When you find the line with "Context: $\Omega$ is" among the records below, reproduce it and each line after it exactly, ending with the line with "R \<and> \<not>".

##############################

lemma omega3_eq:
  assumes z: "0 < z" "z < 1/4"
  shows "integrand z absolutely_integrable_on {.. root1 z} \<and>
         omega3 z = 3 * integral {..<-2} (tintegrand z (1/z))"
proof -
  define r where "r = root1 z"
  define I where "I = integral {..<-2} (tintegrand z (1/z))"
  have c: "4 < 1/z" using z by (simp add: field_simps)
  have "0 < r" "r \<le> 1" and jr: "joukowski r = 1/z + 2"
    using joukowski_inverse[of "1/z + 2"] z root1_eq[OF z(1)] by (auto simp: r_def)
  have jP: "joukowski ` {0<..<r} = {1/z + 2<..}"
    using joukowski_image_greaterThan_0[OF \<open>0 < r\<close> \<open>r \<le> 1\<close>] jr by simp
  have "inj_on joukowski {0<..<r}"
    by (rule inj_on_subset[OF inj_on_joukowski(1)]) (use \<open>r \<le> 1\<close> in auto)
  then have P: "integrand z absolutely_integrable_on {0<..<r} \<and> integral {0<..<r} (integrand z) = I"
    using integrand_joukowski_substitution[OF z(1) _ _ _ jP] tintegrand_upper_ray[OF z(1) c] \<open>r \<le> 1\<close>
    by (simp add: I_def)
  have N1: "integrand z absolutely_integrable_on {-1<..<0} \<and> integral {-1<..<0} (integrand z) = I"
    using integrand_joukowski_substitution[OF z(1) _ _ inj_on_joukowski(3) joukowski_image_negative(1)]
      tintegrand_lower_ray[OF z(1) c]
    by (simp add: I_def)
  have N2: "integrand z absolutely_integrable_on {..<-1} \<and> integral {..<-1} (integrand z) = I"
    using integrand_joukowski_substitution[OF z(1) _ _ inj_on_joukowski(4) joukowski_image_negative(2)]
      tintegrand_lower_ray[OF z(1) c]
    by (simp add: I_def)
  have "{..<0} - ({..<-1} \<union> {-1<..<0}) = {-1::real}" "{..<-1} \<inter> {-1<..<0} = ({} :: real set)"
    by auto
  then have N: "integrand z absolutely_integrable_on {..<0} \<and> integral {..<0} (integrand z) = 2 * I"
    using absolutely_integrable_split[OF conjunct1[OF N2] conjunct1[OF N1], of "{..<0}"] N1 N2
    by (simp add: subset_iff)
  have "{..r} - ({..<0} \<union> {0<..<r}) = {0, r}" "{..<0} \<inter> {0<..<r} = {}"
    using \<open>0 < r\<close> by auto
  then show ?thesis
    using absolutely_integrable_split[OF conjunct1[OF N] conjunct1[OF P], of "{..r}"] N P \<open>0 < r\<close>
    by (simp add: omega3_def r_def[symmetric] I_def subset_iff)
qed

##############################

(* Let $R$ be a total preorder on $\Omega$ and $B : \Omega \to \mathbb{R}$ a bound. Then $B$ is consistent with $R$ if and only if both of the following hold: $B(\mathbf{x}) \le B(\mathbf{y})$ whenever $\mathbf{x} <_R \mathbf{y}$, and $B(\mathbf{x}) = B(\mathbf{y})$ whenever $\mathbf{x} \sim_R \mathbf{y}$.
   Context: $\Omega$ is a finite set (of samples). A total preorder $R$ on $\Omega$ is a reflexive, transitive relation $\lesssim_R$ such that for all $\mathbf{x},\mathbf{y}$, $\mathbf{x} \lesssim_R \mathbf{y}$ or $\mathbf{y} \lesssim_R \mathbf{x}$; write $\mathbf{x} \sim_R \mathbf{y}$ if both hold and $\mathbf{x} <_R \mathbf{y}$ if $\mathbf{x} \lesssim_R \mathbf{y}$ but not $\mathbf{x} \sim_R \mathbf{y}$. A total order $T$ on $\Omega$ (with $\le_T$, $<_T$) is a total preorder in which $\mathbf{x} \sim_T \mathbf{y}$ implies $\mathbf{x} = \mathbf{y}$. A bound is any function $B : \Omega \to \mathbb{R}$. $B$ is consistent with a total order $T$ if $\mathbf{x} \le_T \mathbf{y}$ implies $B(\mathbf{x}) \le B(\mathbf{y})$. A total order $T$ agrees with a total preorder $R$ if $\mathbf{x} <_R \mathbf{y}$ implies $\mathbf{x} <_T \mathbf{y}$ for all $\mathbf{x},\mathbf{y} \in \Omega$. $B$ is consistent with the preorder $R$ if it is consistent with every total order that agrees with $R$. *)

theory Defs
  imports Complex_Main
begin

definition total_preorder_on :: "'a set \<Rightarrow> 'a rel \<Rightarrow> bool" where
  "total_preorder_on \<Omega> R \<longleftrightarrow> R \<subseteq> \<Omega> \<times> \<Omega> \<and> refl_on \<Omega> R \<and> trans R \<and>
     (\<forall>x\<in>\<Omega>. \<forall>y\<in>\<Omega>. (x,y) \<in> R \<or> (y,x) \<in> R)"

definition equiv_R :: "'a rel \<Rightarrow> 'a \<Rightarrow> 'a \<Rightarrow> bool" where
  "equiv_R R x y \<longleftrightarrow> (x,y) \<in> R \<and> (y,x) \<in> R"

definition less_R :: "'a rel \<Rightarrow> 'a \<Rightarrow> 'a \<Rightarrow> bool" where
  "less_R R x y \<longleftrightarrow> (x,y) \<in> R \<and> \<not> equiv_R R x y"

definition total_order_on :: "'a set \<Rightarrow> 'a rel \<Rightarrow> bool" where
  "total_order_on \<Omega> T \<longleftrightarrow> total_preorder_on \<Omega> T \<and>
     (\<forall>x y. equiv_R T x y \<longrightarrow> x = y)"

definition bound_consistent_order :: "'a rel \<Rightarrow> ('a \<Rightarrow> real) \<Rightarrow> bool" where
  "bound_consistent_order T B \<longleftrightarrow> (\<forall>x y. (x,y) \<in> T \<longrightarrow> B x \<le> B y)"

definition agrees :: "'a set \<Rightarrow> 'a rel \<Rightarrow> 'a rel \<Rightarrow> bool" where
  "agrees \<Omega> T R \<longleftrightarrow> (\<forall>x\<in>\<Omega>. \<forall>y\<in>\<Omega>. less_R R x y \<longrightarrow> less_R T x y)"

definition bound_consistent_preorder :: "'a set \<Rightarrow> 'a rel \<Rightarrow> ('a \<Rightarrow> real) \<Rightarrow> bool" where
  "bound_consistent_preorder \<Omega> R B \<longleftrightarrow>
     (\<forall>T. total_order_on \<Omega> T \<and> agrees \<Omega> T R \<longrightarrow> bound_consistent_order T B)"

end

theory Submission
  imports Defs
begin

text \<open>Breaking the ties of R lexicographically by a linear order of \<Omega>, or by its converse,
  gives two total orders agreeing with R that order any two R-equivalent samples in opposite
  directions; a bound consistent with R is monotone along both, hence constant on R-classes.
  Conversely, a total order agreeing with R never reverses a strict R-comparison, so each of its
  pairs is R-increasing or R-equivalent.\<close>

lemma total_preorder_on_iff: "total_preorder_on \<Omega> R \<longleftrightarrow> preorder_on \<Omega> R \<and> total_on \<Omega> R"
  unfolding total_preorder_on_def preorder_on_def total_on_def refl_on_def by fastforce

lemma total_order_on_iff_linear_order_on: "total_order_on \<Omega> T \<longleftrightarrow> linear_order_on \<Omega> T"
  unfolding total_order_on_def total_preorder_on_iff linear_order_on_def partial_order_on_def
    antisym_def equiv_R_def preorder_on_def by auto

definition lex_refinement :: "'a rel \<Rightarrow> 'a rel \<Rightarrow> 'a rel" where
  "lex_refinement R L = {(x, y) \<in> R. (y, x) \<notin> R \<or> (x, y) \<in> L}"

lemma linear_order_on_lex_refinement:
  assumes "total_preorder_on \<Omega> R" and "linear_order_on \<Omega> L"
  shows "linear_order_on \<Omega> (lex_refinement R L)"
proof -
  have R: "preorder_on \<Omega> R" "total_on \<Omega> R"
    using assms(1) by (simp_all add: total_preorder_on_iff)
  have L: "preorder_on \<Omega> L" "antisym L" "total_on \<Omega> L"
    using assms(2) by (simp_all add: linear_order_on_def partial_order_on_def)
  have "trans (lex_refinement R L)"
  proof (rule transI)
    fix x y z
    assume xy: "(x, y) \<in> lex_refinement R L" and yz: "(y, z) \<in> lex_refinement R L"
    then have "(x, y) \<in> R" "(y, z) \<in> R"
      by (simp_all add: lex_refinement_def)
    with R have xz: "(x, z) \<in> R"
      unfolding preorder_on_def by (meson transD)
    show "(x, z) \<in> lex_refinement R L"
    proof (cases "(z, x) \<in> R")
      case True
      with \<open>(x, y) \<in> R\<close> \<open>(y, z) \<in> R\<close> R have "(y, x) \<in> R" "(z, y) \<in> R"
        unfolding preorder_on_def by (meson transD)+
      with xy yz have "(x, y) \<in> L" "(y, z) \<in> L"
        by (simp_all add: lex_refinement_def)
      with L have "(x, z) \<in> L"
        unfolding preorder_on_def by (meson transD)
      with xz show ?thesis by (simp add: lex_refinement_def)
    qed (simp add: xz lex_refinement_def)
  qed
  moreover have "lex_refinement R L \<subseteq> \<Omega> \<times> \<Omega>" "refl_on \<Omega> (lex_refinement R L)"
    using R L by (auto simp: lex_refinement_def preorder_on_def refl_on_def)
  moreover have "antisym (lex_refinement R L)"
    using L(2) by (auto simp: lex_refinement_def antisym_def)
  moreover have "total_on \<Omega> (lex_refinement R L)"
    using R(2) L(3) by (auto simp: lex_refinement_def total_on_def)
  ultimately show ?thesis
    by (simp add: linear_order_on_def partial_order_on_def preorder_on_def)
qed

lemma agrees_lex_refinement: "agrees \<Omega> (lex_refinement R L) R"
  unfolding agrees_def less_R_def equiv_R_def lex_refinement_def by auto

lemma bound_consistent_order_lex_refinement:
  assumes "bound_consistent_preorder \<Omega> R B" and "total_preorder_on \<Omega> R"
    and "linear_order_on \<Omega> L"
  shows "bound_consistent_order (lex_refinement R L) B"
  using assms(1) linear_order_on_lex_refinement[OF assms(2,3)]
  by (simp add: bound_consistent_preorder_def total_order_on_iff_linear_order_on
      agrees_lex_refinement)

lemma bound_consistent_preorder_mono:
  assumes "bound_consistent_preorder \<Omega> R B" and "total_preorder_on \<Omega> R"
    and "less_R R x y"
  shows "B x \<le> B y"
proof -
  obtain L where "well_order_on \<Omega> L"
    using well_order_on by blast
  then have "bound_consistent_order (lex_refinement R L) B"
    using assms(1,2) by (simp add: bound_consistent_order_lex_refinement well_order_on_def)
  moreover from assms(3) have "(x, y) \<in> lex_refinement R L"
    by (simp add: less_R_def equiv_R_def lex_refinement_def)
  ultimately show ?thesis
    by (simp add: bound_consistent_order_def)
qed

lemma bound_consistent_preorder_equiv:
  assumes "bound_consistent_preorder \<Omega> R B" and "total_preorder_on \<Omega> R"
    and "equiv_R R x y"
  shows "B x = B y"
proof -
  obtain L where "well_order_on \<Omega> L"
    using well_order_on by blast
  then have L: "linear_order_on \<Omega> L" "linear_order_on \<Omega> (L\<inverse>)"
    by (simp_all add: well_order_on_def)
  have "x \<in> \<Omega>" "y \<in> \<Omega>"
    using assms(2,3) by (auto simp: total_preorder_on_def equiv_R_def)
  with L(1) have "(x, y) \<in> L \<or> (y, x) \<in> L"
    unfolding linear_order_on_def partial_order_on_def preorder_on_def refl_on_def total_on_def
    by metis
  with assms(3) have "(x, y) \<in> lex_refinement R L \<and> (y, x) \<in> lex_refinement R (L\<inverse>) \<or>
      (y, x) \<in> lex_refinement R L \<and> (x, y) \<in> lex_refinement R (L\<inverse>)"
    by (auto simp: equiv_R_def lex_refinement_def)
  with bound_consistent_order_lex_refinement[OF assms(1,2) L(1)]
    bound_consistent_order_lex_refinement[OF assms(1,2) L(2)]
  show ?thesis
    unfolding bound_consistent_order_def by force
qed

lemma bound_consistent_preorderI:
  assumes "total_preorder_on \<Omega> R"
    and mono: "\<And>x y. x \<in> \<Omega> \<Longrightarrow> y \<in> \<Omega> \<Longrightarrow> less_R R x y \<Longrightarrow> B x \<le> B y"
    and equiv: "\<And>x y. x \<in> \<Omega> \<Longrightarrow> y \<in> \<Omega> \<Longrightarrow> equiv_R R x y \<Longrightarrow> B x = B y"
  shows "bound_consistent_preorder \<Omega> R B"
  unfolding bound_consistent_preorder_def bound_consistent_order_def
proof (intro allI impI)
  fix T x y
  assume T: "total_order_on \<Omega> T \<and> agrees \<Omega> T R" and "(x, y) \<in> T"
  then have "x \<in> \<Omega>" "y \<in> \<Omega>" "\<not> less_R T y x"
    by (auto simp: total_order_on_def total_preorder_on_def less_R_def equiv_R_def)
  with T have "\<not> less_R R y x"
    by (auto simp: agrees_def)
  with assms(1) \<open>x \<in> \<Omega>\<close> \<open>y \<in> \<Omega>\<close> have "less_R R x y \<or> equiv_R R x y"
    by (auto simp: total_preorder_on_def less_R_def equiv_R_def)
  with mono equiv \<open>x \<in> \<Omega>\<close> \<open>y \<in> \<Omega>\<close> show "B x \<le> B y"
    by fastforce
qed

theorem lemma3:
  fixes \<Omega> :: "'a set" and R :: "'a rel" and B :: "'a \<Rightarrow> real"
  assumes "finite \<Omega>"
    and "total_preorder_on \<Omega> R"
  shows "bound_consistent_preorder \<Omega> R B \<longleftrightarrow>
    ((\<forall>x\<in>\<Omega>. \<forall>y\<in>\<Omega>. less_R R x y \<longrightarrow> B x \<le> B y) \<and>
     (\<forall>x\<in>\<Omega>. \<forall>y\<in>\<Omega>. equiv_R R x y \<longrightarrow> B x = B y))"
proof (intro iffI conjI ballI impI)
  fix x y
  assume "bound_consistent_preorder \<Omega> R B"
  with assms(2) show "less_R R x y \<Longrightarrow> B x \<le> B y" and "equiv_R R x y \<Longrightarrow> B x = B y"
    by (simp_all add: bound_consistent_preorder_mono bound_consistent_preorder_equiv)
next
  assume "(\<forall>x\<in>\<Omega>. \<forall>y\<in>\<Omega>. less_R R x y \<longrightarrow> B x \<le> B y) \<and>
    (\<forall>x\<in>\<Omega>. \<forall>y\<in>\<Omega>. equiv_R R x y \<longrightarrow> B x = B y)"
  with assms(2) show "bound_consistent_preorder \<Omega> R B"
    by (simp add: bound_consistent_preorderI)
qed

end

##############################

*Reply*:
   Context: $\Omega$ is a finite set (of samples). A total preorder $R$ on $\Omega$ is a reflexive, transitive relation $\lesssim_R$ such that for all $\mathbf{x},\mathbf{y}$, $\mathbf{x} \lesssim_R \mathbf{y}$ or $\mathbf{y} \lesssim_R \mathbf{x}$; write $\mathbf{x} \sim_R \mathbf{y}$ if both hold and $\mathbf{x} <_R \mathbf{y}$ if $\mathbf{x} \lesssim_R \mathbf{y}$ but not $\mathbf{x} \sim_R \mathbf{y}$. A total order $T$ on $\Omega$ (with $\le_T$, $<_T$) is a total preorder in which $\mathbf{x} \sim_T \mathbf{y}$ implies $\mathbf{x} = \mathbf{y}$. A bound is any function $B : \Omega \to \mathbb{R}$. $B$ is consistent with a total order $T$ if $\mathbf{x} \le_T \mathbf{y}$ implies $B(\mathbf{x}) \le B(\mathbf{y})$. A total order $T$ agrees with a total preorder $R$ if $\mathbf{x} <_R \mathbf{y}$ implies $\mathbf{x} <_T \mathbf{y}$ for all $\mathbf{x},\mathbf{y} \in \Omega$. $B$ is consistent with the preorder $R$ if it is consistent with every total order that agrees with $R$. *)

theory Defs
  imports Complex_Main
begin

definition total_preorder_on :: "'a set \<Rightarrow> 'a rel \<Rightarrow> bool" where
  "total_preorder_on \<Omega> R \<longleftrightarrow> R \<subseteq> \<Omega> \<times> \<Omega> \<and> refl_on \<Omega> R \<and> trans R \<and>
     (\<forall>x\<in>\<Omega>. \<forall>y\<in>\<Omega>. (x,y) \<in> R \<or> (y,x) \<in> R)"

definition equiv_R :: "'a rel \<Rightarrow> 'a \<Rightarrow> 'a \<Rightarrow> bool" where
  "equiv_R R x y \<longleftrightarrow> (x,y) \<in> R \<and> (y,x) \<in> R"

definition less_R :: "'a rel \<Rightarrow> 'a \<Rightarrow> 'a \<Rightarrow> bool" where
  "less_R R x y \<longleftrightarrow> (x,y) \<in> R \<and> \<not> equiv_R R x y"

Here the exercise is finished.